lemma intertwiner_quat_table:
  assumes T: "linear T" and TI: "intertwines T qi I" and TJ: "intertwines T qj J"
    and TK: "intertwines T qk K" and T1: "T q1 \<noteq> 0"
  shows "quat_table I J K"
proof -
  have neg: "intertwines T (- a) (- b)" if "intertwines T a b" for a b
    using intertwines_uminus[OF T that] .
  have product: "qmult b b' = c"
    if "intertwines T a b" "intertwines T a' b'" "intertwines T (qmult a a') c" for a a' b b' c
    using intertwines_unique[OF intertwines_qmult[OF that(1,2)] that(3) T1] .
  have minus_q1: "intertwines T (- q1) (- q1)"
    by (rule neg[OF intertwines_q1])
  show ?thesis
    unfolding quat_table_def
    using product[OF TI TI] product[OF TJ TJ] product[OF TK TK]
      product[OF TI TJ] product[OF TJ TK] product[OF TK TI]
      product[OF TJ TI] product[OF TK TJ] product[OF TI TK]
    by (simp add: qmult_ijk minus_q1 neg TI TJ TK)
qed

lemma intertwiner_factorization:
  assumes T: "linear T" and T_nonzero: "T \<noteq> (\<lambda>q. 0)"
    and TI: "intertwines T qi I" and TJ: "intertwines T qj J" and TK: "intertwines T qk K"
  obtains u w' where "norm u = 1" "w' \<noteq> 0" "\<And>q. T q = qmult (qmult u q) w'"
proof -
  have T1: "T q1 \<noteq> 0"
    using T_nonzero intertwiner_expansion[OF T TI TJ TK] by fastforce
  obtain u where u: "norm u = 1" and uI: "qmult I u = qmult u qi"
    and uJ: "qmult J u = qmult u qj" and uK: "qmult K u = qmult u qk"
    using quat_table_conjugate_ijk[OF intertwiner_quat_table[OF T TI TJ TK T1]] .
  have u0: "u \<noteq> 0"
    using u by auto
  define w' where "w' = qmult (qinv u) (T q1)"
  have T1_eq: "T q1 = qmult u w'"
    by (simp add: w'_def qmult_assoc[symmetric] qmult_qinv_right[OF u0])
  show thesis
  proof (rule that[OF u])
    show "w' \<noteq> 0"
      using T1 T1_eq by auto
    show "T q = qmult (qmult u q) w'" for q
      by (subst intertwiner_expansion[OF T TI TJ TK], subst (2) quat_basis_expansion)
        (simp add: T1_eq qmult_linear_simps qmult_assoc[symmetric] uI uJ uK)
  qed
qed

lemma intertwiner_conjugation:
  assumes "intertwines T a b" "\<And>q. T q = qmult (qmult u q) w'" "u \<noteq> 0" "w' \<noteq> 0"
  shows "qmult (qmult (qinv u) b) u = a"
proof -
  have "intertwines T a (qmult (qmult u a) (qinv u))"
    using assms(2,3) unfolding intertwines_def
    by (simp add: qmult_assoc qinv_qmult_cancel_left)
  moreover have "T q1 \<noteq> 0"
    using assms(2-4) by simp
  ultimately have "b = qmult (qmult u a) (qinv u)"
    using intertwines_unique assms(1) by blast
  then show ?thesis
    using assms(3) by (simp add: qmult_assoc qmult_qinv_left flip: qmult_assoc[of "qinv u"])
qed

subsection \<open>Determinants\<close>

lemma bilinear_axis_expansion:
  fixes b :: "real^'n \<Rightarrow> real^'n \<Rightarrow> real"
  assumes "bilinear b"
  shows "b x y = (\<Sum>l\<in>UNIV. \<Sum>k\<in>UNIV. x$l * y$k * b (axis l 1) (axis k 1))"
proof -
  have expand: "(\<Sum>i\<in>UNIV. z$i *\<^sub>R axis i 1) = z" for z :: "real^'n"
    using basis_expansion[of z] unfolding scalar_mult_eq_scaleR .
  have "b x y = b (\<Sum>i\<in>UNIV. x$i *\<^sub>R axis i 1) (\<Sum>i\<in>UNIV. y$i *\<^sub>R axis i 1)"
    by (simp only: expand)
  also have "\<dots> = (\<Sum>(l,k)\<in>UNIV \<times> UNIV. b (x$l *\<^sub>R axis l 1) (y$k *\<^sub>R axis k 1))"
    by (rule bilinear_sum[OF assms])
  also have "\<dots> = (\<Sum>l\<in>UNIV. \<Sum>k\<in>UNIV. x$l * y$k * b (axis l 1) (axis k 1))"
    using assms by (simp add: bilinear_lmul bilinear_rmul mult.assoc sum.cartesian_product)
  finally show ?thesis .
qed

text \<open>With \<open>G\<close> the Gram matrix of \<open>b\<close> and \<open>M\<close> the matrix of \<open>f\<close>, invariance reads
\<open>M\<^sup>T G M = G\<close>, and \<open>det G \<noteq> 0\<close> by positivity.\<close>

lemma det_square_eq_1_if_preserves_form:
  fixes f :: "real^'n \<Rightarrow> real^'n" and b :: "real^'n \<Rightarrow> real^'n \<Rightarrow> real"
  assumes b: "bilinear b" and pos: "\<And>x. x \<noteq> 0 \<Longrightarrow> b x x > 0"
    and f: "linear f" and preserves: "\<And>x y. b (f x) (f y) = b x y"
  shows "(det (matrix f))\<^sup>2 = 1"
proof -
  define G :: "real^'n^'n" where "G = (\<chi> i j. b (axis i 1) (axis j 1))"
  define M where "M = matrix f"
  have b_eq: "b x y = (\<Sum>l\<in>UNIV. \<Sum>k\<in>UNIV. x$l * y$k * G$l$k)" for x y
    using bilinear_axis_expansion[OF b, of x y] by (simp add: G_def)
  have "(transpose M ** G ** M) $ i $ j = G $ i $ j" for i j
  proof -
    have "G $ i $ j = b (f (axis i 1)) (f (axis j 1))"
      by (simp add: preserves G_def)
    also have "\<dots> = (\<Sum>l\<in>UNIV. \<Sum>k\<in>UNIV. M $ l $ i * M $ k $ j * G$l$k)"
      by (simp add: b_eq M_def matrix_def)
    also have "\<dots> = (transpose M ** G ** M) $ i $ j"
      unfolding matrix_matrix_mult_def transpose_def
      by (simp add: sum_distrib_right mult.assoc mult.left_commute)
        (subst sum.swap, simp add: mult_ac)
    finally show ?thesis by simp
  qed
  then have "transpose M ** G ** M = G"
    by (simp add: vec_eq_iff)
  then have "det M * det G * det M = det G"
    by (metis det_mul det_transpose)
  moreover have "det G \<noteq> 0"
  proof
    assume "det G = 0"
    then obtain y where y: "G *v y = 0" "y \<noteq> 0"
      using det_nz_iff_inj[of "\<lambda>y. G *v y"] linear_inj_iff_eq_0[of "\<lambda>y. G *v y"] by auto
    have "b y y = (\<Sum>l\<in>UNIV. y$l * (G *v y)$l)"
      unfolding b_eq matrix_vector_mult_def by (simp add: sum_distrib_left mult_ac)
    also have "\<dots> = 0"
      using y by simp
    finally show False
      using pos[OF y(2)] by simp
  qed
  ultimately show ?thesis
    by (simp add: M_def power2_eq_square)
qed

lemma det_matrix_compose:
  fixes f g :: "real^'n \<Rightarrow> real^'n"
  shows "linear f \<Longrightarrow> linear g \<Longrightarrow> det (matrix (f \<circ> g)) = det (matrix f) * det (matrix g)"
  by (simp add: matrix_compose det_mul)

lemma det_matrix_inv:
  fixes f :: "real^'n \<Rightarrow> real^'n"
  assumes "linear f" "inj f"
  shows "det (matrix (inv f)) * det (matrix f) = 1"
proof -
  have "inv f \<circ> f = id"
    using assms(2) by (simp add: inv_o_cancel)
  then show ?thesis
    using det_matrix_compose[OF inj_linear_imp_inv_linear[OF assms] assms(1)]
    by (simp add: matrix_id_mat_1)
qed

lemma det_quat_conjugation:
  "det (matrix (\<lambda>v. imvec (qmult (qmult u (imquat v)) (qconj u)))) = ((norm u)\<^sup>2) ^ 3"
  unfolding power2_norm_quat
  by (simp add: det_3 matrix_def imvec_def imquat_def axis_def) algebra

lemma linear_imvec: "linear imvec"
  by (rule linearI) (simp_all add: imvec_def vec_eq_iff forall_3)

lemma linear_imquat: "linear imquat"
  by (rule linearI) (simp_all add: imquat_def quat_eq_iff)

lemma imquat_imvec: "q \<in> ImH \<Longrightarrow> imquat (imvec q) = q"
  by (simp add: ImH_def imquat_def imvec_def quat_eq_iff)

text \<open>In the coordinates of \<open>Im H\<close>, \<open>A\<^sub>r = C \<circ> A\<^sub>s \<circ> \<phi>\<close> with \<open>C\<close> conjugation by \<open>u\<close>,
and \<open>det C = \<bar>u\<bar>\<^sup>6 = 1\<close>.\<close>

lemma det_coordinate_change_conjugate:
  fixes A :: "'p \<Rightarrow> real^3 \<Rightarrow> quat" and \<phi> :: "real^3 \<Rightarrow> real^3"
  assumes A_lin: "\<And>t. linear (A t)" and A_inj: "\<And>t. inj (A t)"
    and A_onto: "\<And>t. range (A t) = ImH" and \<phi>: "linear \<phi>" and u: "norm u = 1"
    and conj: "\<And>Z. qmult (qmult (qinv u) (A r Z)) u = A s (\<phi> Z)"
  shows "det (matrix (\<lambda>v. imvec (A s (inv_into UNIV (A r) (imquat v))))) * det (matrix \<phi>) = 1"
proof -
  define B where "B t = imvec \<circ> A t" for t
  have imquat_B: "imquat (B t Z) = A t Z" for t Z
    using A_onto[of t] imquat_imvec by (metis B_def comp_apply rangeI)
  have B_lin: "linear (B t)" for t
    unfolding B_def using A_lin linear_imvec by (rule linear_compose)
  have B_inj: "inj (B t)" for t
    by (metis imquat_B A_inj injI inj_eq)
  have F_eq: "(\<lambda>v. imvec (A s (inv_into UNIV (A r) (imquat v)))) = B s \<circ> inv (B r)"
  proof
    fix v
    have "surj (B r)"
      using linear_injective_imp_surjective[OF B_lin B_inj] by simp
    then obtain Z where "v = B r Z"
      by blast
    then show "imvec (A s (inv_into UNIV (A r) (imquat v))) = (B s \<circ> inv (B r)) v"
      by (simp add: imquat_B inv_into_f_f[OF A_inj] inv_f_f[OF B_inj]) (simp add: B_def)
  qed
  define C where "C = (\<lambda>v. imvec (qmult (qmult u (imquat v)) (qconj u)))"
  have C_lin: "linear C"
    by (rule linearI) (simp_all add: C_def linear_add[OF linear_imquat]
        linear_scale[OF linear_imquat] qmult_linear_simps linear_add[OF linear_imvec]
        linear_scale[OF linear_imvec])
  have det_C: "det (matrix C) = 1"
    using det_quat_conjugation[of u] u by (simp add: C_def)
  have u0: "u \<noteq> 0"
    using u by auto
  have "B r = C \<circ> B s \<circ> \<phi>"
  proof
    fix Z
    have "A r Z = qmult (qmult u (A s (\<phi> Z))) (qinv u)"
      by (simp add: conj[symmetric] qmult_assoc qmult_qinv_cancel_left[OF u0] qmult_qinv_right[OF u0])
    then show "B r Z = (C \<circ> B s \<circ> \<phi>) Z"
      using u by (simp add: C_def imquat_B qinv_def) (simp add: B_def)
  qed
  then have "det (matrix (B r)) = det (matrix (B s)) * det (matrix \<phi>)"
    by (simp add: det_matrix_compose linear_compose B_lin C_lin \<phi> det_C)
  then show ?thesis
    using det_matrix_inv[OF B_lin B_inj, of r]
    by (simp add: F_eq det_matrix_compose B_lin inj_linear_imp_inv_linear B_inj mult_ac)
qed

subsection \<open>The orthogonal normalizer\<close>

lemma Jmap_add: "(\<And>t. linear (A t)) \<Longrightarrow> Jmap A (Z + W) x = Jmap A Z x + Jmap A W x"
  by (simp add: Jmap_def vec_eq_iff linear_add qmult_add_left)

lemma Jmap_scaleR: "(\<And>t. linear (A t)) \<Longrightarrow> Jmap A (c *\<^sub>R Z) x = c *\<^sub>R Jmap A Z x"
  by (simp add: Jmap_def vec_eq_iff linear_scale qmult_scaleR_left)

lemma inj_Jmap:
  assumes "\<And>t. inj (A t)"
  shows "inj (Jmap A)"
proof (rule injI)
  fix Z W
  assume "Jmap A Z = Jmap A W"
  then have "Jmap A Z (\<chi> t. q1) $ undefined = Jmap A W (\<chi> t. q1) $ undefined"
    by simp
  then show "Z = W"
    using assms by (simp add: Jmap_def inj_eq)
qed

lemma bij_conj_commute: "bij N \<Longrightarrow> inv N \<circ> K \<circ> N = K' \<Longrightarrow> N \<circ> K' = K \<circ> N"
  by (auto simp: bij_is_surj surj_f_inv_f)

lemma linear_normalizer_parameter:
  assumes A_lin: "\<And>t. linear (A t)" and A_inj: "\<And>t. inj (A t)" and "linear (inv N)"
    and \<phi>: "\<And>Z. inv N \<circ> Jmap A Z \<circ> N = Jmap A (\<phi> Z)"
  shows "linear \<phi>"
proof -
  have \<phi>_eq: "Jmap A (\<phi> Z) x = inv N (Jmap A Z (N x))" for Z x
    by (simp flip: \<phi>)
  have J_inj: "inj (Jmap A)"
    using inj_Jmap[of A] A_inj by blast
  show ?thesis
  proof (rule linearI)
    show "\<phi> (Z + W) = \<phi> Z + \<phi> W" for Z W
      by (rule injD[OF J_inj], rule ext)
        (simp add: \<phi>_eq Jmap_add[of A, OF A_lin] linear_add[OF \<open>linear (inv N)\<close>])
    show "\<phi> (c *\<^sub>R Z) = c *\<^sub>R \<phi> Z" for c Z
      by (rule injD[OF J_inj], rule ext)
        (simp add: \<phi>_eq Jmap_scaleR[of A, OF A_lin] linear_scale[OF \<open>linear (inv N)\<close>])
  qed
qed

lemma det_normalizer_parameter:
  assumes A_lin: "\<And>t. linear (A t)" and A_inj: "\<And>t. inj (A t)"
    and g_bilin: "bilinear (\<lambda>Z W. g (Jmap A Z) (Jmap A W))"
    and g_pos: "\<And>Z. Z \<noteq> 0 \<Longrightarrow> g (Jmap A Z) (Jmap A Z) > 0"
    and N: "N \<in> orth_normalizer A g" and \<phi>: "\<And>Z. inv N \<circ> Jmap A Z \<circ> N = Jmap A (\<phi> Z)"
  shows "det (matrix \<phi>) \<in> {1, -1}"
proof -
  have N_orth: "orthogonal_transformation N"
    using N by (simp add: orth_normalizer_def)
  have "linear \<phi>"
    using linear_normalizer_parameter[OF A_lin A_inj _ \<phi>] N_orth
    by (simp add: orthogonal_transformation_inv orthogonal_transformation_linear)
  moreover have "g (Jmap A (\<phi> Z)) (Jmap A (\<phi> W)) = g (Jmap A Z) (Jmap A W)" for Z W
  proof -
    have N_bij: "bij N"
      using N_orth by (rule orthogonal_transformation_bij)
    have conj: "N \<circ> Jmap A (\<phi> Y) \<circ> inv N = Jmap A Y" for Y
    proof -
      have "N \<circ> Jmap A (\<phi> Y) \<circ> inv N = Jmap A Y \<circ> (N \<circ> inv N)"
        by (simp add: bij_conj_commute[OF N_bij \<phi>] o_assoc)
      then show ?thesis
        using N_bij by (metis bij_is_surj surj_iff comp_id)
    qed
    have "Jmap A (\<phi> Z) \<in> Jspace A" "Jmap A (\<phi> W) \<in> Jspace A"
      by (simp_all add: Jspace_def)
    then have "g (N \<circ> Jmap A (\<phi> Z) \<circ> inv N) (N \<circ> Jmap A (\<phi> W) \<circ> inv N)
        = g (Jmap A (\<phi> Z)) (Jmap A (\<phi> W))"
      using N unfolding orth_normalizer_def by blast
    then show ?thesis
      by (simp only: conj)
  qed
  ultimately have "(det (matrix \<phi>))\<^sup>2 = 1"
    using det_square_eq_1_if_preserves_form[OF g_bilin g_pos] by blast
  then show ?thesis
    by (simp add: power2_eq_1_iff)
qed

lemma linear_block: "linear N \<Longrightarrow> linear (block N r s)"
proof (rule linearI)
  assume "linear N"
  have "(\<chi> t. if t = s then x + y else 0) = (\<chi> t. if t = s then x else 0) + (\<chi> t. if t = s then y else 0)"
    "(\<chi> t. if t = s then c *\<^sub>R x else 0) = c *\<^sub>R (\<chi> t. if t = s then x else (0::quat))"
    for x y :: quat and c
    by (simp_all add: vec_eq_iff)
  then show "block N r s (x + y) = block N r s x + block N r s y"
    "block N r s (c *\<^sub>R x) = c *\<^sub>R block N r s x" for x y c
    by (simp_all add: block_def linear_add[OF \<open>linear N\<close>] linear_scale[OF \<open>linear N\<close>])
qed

==

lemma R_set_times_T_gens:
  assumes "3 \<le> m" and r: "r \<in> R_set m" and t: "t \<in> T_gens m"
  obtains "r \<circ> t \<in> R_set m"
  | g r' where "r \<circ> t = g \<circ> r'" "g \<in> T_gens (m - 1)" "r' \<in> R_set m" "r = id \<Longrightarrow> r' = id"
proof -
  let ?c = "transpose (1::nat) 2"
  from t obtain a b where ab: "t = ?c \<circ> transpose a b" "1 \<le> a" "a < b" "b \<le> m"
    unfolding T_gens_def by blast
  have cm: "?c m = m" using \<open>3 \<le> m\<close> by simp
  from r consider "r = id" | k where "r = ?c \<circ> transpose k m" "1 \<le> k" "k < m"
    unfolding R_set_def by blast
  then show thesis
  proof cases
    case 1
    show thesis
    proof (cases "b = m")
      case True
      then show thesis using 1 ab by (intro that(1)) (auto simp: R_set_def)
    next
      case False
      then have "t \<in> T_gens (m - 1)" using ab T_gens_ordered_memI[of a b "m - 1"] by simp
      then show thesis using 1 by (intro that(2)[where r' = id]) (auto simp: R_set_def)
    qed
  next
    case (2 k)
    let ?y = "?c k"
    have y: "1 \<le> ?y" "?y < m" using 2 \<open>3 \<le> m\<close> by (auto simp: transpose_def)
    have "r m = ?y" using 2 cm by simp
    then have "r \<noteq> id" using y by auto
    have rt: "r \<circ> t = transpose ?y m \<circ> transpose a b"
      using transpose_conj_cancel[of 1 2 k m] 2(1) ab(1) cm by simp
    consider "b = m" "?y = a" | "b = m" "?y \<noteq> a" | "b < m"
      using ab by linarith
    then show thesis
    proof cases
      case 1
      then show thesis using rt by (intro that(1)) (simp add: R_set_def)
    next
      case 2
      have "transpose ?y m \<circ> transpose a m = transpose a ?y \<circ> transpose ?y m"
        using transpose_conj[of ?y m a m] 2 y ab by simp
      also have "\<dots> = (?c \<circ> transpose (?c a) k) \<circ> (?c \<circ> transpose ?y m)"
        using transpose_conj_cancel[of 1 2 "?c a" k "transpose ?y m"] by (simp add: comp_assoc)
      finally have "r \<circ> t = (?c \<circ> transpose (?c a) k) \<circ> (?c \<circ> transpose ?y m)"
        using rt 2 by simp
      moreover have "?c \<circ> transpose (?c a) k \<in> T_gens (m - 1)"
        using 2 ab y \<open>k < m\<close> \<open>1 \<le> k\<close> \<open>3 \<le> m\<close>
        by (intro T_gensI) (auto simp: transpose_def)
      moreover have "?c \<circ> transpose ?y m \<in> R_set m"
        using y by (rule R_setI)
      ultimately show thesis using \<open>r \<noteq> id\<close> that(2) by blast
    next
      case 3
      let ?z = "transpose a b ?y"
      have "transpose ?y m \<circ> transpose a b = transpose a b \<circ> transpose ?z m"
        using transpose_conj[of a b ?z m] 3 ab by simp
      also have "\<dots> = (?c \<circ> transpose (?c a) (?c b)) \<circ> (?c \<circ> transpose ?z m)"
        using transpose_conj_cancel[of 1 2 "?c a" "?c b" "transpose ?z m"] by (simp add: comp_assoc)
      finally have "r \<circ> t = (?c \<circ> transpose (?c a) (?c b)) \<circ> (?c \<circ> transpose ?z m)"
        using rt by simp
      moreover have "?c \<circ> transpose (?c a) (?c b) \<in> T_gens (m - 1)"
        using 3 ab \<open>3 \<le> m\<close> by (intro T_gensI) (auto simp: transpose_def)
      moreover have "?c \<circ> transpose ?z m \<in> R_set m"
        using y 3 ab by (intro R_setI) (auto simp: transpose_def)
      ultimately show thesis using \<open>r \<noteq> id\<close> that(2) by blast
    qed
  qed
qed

* **Directions**: Each line of the data that contains "assumes" belongs in the answer.

* **Answer to this problem**:
  assumes T: "linear T" and TI: "intertwines T qi I" and TJ: "intertwines T qj J"
  assumes T: "linear T" and T_nonzero: "T \<noteq> (\<lambda>q. 0)"
  assumes "intertwines T a b" "\<And>q. T q = qmult (qmult u q) w'" "u \<noteq> 0" "w' \<noteq> 0"
  assumes "bilinear b"
  assumes b: "bilinear b" and pos: "\<And>x. x \<noteq> 0 \<Longrightarrow> b x x > 0"
  assumes "linear f" "inj f"
  assumes A_lin: "\<And>t. linear (A t)" and A_inj: "\<And>t. inj (A t)"
  assumes "\<And>t. inj (A t)"
  assumes A_lin: "\<And>t. linear (A t)" and A_inj: "\<And>t. inj (A t)" and "linear (inv N)"
  assumes A_lin: "\<And>t. linear (A t)" and A_inj: "\<And>t. inj (A t)"
  assumes "3 \<le> m" and r: "r \<in> R_set m" and t: "t \<in> T_gens m"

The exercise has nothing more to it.